== WHAT YOU HAVE TO DO ==
From the top of the records below, return each line exactly, ending with the line that contains "(\<Sum>l<N. (if l".

START THE DATA

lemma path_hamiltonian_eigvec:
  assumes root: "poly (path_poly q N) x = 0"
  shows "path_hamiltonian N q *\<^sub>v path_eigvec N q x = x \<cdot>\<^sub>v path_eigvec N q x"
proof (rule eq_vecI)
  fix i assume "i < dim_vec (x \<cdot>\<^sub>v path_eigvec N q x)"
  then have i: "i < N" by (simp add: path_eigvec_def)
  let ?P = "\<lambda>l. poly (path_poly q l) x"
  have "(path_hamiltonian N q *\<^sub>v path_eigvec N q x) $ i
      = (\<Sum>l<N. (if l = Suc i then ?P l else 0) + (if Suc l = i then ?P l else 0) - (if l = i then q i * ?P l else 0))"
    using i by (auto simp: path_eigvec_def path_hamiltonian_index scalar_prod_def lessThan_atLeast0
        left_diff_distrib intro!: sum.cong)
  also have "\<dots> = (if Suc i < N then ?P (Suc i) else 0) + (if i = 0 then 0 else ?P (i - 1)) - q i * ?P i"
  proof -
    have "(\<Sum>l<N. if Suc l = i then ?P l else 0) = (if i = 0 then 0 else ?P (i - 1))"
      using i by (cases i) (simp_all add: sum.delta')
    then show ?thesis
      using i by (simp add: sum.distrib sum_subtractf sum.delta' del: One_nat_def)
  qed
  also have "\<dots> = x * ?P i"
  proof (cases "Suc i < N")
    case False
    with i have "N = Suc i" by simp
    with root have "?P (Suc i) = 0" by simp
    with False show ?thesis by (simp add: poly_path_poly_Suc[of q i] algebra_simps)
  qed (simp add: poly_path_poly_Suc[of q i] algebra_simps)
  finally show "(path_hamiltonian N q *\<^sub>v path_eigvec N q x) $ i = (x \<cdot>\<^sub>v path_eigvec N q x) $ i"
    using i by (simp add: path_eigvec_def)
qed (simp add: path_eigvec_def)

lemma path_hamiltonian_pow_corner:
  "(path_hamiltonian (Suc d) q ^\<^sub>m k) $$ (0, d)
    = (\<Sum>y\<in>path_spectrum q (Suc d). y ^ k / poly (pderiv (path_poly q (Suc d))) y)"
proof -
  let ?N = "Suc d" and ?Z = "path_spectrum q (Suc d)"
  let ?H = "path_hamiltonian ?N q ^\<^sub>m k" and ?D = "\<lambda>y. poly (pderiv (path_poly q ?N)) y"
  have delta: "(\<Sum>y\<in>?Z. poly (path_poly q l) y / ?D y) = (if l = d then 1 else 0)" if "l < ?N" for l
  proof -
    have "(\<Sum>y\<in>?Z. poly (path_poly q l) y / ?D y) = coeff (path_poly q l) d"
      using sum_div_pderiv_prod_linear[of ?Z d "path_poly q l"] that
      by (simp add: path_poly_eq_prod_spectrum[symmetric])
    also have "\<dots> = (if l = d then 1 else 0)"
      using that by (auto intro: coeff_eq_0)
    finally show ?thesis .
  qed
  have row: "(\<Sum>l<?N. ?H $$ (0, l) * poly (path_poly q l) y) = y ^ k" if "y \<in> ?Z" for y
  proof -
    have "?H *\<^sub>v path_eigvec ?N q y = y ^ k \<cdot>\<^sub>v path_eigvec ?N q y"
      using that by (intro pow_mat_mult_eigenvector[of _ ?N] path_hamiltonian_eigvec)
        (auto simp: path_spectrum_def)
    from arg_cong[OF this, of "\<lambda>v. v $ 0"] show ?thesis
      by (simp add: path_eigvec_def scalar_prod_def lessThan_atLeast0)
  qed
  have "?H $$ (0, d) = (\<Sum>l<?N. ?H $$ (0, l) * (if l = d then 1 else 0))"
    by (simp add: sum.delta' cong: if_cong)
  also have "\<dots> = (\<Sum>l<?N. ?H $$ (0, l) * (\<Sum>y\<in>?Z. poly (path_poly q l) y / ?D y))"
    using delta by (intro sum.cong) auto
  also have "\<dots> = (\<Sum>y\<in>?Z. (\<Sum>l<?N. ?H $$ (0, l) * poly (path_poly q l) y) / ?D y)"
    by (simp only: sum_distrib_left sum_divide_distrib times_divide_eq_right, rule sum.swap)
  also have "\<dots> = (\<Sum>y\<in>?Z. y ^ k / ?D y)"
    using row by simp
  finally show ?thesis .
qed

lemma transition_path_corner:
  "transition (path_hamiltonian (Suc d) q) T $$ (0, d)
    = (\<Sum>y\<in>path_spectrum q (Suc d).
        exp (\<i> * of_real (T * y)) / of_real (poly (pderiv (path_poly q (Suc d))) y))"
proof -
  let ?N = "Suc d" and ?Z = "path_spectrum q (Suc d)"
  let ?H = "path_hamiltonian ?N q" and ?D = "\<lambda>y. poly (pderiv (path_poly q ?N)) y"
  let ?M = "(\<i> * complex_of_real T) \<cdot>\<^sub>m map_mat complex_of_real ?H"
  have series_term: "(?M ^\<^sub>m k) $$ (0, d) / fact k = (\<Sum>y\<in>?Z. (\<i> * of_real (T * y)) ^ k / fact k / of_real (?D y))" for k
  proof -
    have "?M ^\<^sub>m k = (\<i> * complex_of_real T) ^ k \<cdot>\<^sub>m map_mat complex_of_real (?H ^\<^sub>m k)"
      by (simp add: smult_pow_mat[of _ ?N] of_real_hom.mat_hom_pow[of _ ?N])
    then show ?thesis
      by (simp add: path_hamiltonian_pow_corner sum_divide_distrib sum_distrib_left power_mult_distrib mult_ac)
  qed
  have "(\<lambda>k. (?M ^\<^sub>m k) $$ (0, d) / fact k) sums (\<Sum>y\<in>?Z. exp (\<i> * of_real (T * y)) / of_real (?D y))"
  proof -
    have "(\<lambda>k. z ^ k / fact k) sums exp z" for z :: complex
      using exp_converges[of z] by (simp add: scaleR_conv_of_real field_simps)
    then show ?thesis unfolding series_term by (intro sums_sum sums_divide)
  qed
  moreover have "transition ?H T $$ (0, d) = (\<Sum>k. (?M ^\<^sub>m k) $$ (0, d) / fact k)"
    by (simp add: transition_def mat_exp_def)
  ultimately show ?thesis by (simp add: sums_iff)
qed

END THE DATA

== ANSWER BOX ==
lemma path_hamiltonian_eigvec:
  assumes root: "poly (path_poly q N) x = 0"
  shows "path_hamiltonian N q *\<^sub>v path_eigvec N q x = x \<cdot>\<^sub>v path_eigvec N q x"
proof (rule eq_vecI)
  fix i assume "i < dim_vec (x \<cdot>\<^sub>v path_eigvec N q x)"
  then have i: "i < N" by (simp add: path_eigvec_def)
  let ?P = "\<lambda>l. poly (path_poly q l) x"
  have "(path_hamiltonian N q *\<^sub>v path_eigvec N q x) $ i
      = (\<Sum>l<N. (if l = Suc i then ?P l else 0) + (if Suc l = i then ?P l else 0) - (if l = i then q i * ?P l else 0))"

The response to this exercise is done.